- **Task directions**: The word "MBot" marks the lines to report; pull each of them from the listing.

----

datatype mfm = MAtom nat | MBot | MAnd mfm mfm | MOr mfm mfm | MImp mfm mfm | MBox mfm

definition MTop :: mfm where "MTop = MImp MBot MBot"
definition MIff :: "mfm \<Rightarrow> mfm \<Rightarrow> mfm" where "MIff a b = MAnd (MImp a b) (MImp b a)"

fun meval :: "(mfm \<Rightarrow> bool) \<Rightarrow> mfm \<Rightarrow> bool" where
  "meval v (MAtom p) = v (MAtom p)"
| "meval v MBot = False"
| "meval v (MAnd a b) = (meval v a \<and> meval v b)"
| "meval v (MOr a b) = (meval v a \<or> meval v b)"
| "meval v (MImp a b) = (meval v a \<longrightarrow> meval v b)"
| "meval v (MBox a) = v (MBox a)"

definition mtaut :: "mfm \<Rightarrow> bool" where "mtaut f = (\<forall>v. meval v f)"

inductive_set mlogic :: "mfm set \<Rightarrow> mfm set" for Ax :: "mfm set" where
  taut: "mtaut f \<Longrightarrow> f \<in> mlogic Ax"
| ax: "f \<in> Ax \<Longrightarrow> f \<in> mlogic Ax"
| mp: "f \<in> mlogic Ax \<Longrightarrow> MImp f g \<in> mlogic Ax \<Longrightarrow> g \<in> mlogic Ax"
| re: "MIff f g \<in> mlogic Ax \<Longrightarrow> MIff (MBox f) (MBox g) \<in> mlogic Ax"

definition axM :: "mfm set" where
  "axM = {MImp (MBox (MAnd f g)) (MAnd (MBox f) (MBox g)) | f g. True}"
definition axC :: "mfm set" where
  "axC = {MImp (MAnd (MBox f) (MBox g)) (MBox (MAnd f g)) | f g. True}"
definition axN :: "mfm set" where
  "axN = {MBox MTop}"

definition logE :: "mfm set" where "logE = mlogic {}"
definition logEN :: "mfm set" where "logEN = mlogic axN"
definition logM :: "mfm set" where "logM = mlogic axM"
definition logMN :: "mfm set" where "logMN = mlogic (axM \<union> axN)"
definition logMC :: "mfm set" where "logMC = mlogic (axM \<union> axC)"
definition logK :: "mfm set" where "logK = mlogic (axM \<union> axC \<union> axN)"

text \<open>Polarised variables: mV True = V^+, mV False = V^-.\<close>
fun mV :: "bool \<Rightarrow> mfm \<Rightarrow> nat set" where
  "mV b (MAtom p) = (if b then {p} else {})"
| "mV b MBot = {}"
| "mV b (MAnd f g) = mV b f \<union> mV b g"
| "mV b (MOr f g) = mV b f \<union> mV b g"
| "mV b (MImp f g) = mV (\<not> b) f \<union> mV b g"
| "mV b (MBox f) = mV b f"

definition mVall :: "mfm \<Rightarrow> nat set" where "mVall f = mV True f \<union> mV False f"

datatype cfm = CAtom nat | CBot | CAnd cfm cfm | COr cfm cfm | CImp cfm cfm | Cond cfm cfm

definition CTop :: cfm where "CTop = CImp CBot CBot"
definition CIff :: "cfm \<Rightarrow> cfm \<Rightarrow> cfm" where "CIff a b = CAnd (CImp a b) (CImp b a)"

fun ceval :: "(cfm \<Rightarrow> bool) \<Rightarrow> cfm \<Rightarrow> bool" where
  "ceval v (CAtom p) = v (CAtom p)"
| "ceval v CBot = False"
| "ceval v (CAnd a b) = (ceval v a \<and> ceval v b)"
| "ceval v (COr a b) = (ceval v a \<or> ceval v b)"
| "ceval v (CImp a b) = (ceval v a \<longrightarrow> ceval v b)"
| "ceval v (Cond a b) = v (Cond a b)"

definition ctaut :: "cfm \<Rightarrow> bool" where "ctaut f = (\<forall>v. ceval v f)"

inductive_set clogic :: "cfm set \<Rightarrow> cfm set" for Ax :: "cfm set" where
  taut: "ctaut f \<Longrightarrow> f \<in> clogic Ax"
| ax: "f \<in> Ax \<Longrightarrow> f \<in> clogic Ax"
| mp: "f \<in> clogic Ax \<Longrightarrow> CImp f g \<in> clogic Ax \<Longrightarrow> g \<in> clogic Ax"
| re: "CIff f0 f1 \<in> clogic Ax \<Longrightarrow> CIff g0 g1 \<in> clogic Ax \<Longrightarrow>
       CImp (Cond f0 g0) (Cond f1 g1) \<in> clogic Ax"

definition axCM :: "cfm set" where
  "axCM = {CImp (Cond f (CAnd g h)) (CAnd (Cond f g) (Cond f h)) | f g h. True}"
definition axCC :: "cfm set" where
  "axCC = {CImp (CAnd (Cond f g) (Cond f h)) (Cond f (CAnd g h)) | f g h. True}"
definition axCN :: "cfm set" where
  "axCN = {Cond f CTop | f. True}"
definition axID :: "cfm set" where
  "axID = {Cond f f | f. True}"

definition logCE :: "cfm set" where "logCE = clogic {}"
definition logCEN :: "cfm set" where "logCEN = clogic axCN"
definition logCM :: "cfm set" where "logCM = clogic axCM"
definition logCMN :: "cfm set" where "logCMN = clogic (axCM \<union> axCN)"
definition logCMC :: "cfm set" where "logCMC = clogic (axCM \<union> axCC)"
definition logCK :: "cfm set" where "logCK = clogic (axCM \<union> axCC \<union> axCN)"
definition logCKID :: "cfm set" where "logCKID = clogic (axCM \<union> axCC \<union> axCN \<union> axID)"

fun cV :: "bool \<Rightarrow> cfm \<Rightarrow> nat set" where
  "cV b (CAtom p) = (if b then {p} else {})"
| "cV b CBot = {}"
| "cV b (CAnd f g) = cV b f \<union> cV b g"
| "cV b (COr f g) = cV b f \<union> cV b g"
| "cV b (CImp f g) = cV (\<not> b) f \<union> cV b g"
| "cV b (Cond f g) = cV (\<not> b) f \<union> cV b g"

definition cVall :: "cfm \<Rightarrow> nat set" where "cVall f = cV True f \<union> cV False f"

text \<open>V b: polarised variables (b = True is +), imp: implication, L: the logic (set of theorems).
  Polarity pol ranges over bool (True = +, False = -).\<close>
definition ULIP :: "(bool \<Rightarrow> 'f \<Rightarrow> nat set) \<Rightarrow> ('f \<Rightarrow> 'f \<Rightarrow> 'f) \<Rightarrow> 'f set \<Rightarrow> bool" where
  "ULIP V imp L = (\<forall>\<phi> p pol.
     (\<exists>A. p \<notin> V pol A \<and> (\<forall>d. V d A \<subseteq> V d \<phi>) \<and> imp A \<phi> \<in> L \<and>
          (\<forall>\<psi>. p \<notin> V pol \<psi> \<longrightarrow> imp \<psi> \<phi> \<in> L \<longrightarrow> imp \<psi> A \<in> L)) \<and>
     (\<exists>E. p \<notin> V pol E \<and> (\<forall>d. V d E \<subseteq> V d \<phi>) \<and> imp \<phi> E \<in> L \<and>
          (\<forall>\<psi>. p \<notin> V pol \<psi> \<longrightarrow> imp \<phi> \<psi> \<in> L \<longrightarrow> imp E \<psi> \<in> L)))"

definition UIP :: "('f \<Rightarrow> nat set) \<Rightarrow> ('f \<Rightarrow> 'f \<Rightarrow> 'f) \<Rightarrow> 'f set \<Rightarrow> bool" where
  "UIP Va imp L = (\<forall>\<phi> p.
     (\<exists>A. p \<notin> Va A \<and> Va A \<subseteq> Va \<phi> \<and> imp A \<phi> \<in> L \<and>
          (\<forall>\<psi>. p \<notin> Va \<psi> \<longrightarrow> imp \<psi> \<phi> \<in> L \<longrightarrow> imp \<psi> A \<in> L)) \<and>
     (\<exists>E. p \<notin> Va E \<and> Va E \<subseteq> Va \<phi> \<and> imp \<phi> E \<in> L \<and>
          (\<forall>\<psi>. p \<notin> Va \<psi> \<longrightarrow> imp \<phi> \<psi> \<in> L \<longrightarrow> imp E \<psi> \<in> L)))"

definition LIP :: "(bool \<Rightarrow> 'f \<Rightarrow> nat set) \<Rightarrow> ('f \<Rightarrow> 'f \<Rightarrow> 'f) \<Rightarrow> 'f set \<Rightarrow> bool" where
  "LIP V imp L = (\<forall>\<phi> \<psi>. imp \<phi> \<psi> \<in> L \<longrightarrow>
     (\<exists>\<theta>. (\<forall>d. V d \<theta> \<subseteq> V d \<phi> \<inter> V d \<psi>) \<and> imp \<phi> \<theta> \<in> L \<and> imp \<theta> \<psi> \<in> L))"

----

- **Solution to this task**:
datatype mfm = MAtom nat | MBot | MAnd mfm mfm | MOr mfm mfm | MImp mfm mfm | MBox mfm
definition MTop :: mfm where "MTop = MImp MBot MBot"
| "meval v MBot = False"
| "mV b MBot = {}"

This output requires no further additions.